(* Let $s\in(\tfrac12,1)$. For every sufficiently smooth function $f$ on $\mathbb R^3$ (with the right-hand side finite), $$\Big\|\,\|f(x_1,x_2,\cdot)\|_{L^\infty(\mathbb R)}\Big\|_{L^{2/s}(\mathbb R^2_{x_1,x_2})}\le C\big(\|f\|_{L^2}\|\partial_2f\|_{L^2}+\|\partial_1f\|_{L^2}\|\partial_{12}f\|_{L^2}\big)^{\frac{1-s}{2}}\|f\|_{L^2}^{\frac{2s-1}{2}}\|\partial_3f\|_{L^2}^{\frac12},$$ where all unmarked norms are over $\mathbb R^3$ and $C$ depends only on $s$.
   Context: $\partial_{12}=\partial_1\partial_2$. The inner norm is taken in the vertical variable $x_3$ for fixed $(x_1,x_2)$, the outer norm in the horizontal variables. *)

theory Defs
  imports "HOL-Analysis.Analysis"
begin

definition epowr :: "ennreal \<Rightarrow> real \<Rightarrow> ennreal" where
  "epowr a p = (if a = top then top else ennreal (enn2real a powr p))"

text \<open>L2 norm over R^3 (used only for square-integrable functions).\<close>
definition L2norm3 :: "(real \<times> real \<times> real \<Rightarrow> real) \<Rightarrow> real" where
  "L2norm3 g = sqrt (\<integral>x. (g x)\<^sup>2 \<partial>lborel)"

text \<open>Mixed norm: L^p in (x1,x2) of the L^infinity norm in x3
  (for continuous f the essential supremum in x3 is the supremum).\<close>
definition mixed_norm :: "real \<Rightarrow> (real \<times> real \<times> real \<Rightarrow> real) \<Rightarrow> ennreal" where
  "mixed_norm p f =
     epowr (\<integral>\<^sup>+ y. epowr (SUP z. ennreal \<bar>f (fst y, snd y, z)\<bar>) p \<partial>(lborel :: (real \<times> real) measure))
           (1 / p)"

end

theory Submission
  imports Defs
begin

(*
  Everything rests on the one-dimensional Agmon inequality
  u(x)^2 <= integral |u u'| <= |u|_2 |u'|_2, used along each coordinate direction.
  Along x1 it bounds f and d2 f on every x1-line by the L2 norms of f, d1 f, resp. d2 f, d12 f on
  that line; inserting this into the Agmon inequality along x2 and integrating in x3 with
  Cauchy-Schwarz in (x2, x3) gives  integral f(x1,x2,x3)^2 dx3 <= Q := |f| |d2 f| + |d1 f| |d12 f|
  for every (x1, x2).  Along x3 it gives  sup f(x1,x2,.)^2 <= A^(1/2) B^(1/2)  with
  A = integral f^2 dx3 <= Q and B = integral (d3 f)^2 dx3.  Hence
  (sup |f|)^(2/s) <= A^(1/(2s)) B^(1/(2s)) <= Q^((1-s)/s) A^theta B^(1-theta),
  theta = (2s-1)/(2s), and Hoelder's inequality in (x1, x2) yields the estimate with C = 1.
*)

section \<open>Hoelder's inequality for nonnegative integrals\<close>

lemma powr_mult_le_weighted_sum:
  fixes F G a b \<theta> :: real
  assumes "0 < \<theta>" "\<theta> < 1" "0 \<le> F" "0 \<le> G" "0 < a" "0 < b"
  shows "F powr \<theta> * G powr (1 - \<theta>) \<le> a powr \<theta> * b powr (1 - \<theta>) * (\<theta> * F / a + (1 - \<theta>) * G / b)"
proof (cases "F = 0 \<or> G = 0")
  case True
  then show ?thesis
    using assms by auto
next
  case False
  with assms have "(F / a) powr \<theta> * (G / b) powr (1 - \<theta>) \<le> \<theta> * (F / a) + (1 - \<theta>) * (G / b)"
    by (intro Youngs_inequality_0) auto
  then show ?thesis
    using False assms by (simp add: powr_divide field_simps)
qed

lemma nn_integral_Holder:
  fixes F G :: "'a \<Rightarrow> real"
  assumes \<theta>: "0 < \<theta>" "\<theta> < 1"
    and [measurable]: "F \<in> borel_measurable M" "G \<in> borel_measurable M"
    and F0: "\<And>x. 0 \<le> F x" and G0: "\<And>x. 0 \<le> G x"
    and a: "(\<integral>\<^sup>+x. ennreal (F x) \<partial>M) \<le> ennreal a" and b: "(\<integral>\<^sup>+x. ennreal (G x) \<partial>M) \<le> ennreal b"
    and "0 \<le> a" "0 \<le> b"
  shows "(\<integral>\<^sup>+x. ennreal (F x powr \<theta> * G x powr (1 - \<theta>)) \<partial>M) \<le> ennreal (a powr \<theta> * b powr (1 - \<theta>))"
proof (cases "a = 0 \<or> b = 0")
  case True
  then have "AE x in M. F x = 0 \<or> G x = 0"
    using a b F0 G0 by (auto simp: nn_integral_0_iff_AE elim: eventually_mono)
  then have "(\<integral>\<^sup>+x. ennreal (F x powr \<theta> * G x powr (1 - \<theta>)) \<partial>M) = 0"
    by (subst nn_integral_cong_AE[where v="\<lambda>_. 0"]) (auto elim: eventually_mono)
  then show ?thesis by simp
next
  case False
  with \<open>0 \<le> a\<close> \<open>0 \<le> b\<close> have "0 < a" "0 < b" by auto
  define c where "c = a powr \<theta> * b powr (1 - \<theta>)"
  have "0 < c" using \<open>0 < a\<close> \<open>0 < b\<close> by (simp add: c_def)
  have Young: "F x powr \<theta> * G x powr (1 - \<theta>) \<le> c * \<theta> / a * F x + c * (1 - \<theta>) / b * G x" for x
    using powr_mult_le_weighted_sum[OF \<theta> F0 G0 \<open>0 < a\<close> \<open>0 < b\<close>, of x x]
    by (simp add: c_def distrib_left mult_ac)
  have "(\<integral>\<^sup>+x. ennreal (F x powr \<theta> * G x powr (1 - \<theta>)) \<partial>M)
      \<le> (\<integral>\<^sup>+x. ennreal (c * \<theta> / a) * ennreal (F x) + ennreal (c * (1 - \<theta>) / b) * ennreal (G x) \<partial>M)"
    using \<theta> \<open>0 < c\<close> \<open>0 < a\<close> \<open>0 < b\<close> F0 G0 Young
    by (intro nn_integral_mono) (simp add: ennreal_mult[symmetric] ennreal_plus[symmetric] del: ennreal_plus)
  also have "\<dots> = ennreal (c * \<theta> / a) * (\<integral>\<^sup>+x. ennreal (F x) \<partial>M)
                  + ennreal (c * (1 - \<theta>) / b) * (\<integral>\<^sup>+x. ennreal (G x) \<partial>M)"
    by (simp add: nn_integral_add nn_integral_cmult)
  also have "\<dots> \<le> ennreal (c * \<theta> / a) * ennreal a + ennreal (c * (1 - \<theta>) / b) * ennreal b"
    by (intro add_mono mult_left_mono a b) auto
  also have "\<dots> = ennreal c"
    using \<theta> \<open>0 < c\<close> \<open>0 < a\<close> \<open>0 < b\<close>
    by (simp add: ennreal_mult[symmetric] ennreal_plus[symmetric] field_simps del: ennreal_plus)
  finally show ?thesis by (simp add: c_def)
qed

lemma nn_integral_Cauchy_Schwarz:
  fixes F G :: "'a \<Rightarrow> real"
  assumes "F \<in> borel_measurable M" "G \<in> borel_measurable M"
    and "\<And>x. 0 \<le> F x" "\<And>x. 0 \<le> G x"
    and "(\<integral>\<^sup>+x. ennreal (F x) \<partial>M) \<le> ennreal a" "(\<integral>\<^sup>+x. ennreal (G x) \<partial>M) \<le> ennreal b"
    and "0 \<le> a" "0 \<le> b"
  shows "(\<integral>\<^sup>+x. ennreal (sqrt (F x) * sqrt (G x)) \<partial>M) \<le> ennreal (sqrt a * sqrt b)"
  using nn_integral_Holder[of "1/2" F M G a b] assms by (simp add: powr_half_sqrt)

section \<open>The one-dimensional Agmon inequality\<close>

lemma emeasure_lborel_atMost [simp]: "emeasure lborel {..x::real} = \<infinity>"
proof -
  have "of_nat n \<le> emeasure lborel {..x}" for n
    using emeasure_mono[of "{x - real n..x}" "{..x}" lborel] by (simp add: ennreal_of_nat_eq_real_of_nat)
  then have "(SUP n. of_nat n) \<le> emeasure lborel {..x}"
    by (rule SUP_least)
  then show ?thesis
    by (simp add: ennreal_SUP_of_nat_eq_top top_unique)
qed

════

Every line from the one containing "(simp add: powr_half_sqrt)" through the end of the entries above must be echoed exactly, with both ends kept.

Exercise result:
  using nn_integral_Holder[of "1/2" F M G a b] assms by (simp add: powr_half_sqrt)

section \<open>The one-dimensional Agmon inequality\<close>

lemma emeasure_lborel_atMost [simp]: "emeasure lborel {..x::real} = \<infinity>"
proof -
  have "of_nat n \<le> emeasure lborel {..x}" for n
    using emeasure_mono[of "{x - real n..x}" "{..x}" lborel] by (simp add: ennreal_of_nat_eq_real_of_nat)
  then have "(SUP n. of_nat n) \<le> emeasure lborel {..x}"
    by (rule SUP_least)
  then show ?thesis
    by (simp add: ennreal_SUP_of_nat_eq_top top_unique)
qed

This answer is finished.